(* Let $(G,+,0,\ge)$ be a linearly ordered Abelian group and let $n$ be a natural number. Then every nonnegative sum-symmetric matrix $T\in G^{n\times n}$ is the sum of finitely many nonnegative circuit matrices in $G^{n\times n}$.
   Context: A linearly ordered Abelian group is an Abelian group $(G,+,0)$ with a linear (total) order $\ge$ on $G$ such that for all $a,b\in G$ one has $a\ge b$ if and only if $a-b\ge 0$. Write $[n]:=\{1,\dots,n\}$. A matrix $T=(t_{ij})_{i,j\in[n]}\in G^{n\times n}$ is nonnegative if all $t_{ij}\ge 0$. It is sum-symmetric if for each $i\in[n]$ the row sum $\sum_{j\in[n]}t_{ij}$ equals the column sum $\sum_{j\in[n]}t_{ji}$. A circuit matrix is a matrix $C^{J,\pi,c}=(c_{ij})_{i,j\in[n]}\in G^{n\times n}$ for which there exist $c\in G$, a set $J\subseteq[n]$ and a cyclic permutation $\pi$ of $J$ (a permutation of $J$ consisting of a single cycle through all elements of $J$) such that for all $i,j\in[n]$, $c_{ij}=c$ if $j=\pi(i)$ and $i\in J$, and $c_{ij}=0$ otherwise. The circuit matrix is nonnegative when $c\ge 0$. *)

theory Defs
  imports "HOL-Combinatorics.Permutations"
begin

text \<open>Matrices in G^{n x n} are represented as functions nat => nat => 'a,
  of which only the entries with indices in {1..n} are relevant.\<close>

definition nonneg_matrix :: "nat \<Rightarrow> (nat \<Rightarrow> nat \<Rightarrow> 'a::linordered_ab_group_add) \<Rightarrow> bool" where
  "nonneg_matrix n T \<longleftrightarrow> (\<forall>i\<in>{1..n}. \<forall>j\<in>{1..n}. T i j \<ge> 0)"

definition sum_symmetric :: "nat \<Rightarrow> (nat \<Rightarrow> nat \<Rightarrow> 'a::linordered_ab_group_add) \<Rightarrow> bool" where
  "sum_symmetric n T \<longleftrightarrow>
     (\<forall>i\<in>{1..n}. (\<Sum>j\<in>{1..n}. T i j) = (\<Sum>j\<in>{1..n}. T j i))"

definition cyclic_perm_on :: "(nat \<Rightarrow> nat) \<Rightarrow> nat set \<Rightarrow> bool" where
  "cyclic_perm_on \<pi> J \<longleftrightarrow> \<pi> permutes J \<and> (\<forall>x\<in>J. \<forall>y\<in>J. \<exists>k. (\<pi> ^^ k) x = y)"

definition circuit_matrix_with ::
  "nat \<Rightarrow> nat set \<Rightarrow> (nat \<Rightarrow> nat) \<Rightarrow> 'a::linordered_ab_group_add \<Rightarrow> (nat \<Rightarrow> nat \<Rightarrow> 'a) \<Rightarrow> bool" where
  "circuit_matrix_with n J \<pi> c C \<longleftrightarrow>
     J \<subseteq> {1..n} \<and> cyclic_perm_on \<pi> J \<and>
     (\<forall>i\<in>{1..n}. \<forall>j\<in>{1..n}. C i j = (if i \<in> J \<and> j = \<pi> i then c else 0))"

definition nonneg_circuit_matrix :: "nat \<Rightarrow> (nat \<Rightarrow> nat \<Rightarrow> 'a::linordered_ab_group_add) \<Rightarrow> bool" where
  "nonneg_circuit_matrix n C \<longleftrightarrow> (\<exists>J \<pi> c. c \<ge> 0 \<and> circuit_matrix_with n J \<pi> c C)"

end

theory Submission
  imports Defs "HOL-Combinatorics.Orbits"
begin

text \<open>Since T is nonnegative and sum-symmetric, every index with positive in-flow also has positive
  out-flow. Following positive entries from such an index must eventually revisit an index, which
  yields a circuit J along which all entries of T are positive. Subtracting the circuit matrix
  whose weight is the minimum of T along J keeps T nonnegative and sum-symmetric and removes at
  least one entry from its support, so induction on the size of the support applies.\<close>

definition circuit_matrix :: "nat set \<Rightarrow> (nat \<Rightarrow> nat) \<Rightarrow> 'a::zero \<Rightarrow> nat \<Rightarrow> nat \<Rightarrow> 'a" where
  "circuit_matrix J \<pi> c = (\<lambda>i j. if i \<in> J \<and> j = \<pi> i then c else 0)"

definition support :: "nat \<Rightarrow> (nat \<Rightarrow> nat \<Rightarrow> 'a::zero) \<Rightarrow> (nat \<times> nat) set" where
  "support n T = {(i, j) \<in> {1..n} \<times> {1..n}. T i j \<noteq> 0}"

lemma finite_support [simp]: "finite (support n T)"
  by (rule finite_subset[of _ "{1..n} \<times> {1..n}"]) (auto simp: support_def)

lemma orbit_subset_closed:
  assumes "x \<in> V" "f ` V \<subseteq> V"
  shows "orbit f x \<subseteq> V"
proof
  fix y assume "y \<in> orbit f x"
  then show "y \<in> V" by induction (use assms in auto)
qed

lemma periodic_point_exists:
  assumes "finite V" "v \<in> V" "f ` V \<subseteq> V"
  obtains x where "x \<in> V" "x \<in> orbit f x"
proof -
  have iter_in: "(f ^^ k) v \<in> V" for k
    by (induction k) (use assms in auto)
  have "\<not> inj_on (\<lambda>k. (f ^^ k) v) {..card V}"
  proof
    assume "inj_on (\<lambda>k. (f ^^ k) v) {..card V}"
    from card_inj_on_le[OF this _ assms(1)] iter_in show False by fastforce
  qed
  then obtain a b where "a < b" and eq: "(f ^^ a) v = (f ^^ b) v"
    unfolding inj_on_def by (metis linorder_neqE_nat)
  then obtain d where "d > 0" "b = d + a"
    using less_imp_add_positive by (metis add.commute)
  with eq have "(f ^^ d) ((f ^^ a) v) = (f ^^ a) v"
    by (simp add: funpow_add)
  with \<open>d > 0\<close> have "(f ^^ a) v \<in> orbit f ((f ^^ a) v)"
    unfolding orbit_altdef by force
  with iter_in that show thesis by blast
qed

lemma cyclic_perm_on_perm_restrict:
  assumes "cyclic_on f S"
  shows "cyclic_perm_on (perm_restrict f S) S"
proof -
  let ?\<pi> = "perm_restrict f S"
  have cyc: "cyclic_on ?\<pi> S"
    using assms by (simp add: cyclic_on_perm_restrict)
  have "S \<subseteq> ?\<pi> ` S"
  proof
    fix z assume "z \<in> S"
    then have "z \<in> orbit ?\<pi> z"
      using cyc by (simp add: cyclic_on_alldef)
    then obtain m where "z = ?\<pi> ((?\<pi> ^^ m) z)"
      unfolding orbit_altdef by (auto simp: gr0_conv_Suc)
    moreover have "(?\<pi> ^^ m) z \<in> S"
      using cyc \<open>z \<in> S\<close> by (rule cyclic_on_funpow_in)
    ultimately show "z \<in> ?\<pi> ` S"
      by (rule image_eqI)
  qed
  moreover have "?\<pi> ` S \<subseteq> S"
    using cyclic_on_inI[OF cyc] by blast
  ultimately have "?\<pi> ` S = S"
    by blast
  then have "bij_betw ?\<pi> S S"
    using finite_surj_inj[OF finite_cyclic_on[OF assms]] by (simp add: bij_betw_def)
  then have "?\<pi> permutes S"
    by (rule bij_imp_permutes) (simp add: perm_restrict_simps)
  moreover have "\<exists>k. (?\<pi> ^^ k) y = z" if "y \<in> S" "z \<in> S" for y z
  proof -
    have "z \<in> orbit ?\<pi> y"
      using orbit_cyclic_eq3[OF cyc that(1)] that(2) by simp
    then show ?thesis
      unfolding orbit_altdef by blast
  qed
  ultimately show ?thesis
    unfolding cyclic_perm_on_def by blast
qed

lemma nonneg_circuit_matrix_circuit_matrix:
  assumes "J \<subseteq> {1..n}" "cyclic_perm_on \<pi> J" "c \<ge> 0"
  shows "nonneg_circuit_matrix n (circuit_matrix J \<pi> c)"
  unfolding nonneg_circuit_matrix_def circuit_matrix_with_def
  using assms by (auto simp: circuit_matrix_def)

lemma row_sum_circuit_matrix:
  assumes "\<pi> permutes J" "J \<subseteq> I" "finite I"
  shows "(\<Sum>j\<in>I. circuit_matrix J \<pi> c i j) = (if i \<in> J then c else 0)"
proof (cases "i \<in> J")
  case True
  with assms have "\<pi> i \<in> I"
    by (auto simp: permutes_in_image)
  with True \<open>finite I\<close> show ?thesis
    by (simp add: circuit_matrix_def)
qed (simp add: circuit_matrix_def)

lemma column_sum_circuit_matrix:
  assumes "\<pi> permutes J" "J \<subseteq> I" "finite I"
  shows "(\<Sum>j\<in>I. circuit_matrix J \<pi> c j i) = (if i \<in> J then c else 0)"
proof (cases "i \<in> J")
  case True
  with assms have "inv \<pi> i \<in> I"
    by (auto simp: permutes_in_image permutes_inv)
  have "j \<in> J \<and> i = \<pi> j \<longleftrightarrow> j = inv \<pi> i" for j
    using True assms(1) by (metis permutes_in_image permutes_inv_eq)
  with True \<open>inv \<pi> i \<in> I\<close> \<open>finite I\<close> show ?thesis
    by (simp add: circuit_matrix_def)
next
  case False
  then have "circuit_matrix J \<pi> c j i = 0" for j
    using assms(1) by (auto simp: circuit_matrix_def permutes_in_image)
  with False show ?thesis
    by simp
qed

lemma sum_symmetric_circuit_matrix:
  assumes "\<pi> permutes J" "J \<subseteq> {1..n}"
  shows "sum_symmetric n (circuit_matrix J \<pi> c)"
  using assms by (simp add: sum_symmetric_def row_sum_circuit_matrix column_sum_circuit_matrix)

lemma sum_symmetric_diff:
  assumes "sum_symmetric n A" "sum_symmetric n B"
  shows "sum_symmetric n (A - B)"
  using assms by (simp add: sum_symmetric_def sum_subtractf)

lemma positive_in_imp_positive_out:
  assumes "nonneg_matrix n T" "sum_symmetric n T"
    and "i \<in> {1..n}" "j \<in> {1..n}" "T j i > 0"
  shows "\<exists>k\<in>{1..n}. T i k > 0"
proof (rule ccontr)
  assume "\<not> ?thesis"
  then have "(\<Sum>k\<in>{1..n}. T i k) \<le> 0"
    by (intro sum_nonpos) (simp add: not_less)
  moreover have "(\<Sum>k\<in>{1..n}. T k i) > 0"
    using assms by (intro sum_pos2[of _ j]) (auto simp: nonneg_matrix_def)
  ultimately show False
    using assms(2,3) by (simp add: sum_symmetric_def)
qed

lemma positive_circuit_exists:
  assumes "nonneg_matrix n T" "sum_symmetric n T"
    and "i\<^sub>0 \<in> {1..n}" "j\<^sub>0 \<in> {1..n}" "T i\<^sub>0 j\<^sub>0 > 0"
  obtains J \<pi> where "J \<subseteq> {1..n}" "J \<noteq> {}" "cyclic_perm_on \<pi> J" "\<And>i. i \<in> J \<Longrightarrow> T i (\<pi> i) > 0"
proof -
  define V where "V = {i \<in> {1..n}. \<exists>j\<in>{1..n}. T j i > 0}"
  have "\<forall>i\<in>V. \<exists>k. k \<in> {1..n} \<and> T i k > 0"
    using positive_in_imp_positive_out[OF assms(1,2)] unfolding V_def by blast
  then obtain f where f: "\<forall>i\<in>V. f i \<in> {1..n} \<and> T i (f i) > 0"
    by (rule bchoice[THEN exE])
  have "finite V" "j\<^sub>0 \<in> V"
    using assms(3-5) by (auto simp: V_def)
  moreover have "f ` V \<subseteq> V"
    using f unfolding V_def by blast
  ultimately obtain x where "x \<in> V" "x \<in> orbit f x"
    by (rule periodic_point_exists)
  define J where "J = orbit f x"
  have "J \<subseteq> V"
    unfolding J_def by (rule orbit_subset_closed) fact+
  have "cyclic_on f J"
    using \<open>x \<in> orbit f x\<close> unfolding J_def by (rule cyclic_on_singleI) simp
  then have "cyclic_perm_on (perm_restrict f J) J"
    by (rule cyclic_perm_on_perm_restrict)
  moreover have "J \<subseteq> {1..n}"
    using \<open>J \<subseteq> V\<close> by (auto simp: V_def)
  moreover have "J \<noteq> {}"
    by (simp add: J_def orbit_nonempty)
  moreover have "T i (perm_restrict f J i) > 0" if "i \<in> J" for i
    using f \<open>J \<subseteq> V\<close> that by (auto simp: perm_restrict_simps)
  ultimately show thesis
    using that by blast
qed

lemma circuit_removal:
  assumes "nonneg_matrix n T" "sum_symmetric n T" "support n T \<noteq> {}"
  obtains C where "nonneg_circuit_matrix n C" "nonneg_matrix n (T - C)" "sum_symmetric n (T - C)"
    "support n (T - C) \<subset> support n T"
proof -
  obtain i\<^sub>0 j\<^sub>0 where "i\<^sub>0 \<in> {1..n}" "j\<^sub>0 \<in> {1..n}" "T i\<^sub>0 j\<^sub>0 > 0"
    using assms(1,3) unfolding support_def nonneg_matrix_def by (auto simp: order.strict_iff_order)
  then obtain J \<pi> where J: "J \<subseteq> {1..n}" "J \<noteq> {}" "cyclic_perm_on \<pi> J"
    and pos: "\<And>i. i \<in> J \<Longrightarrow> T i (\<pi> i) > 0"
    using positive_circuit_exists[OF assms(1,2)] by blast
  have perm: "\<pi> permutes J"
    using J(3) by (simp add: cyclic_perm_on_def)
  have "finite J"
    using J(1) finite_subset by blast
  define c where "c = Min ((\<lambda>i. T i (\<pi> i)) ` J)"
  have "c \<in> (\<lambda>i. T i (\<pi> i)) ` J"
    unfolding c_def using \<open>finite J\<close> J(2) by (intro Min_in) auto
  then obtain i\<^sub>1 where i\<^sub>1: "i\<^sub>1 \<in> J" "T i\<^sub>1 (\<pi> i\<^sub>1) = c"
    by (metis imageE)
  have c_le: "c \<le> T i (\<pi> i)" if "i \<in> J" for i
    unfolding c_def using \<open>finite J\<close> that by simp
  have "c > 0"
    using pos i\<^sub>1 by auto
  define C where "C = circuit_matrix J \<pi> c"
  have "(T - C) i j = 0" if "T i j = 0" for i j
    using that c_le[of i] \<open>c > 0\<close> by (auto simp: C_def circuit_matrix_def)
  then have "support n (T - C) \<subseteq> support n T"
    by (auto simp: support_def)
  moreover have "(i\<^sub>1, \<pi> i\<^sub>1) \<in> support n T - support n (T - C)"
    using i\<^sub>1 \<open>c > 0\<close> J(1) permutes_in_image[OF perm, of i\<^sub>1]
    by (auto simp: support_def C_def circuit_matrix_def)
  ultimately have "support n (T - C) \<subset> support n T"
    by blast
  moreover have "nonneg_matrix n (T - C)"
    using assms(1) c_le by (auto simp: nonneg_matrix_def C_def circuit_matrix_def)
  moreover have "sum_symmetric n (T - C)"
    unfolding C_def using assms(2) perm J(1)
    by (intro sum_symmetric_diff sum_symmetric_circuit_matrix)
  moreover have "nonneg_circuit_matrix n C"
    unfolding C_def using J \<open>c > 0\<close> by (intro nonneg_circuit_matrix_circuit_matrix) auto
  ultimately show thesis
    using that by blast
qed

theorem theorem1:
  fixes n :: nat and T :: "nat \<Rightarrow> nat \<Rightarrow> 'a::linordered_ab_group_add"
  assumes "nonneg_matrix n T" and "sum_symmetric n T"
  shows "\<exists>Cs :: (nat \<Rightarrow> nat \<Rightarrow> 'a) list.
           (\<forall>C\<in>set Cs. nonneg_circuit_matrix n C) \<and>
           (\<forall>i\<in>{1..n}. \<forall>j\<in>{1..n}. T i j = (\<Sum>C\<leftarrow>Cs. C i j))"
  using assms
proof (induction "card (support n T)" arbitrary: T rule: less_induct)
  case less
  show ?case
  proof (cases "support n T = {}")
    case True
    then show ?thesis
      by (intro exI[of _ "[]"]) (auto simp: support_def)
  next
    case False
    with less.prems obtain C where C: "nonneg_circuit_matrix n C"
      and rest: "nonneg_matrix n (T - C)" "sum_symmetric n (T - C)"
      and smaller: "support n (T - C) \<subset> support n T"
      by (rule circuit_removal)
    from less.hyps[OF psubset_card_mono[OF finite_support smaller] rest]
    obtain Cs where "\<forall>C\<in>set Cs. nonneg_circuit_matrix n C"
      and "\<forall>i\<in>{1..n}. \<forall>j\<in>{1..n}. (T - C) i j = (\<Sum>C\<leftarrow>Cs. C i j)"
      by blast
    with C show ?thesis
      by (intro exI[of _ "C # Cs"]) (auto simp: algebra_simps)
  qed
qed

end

BRIEF. Copy each line holding the word "flow" from the listing above.

RESULT OF THIS TASK.
text \<open>Since T is nonnegative and sum-symmetric, every index with positive in-flow also has positive
  out-flow. Following positive entries from such an index must eventually revisit an index, which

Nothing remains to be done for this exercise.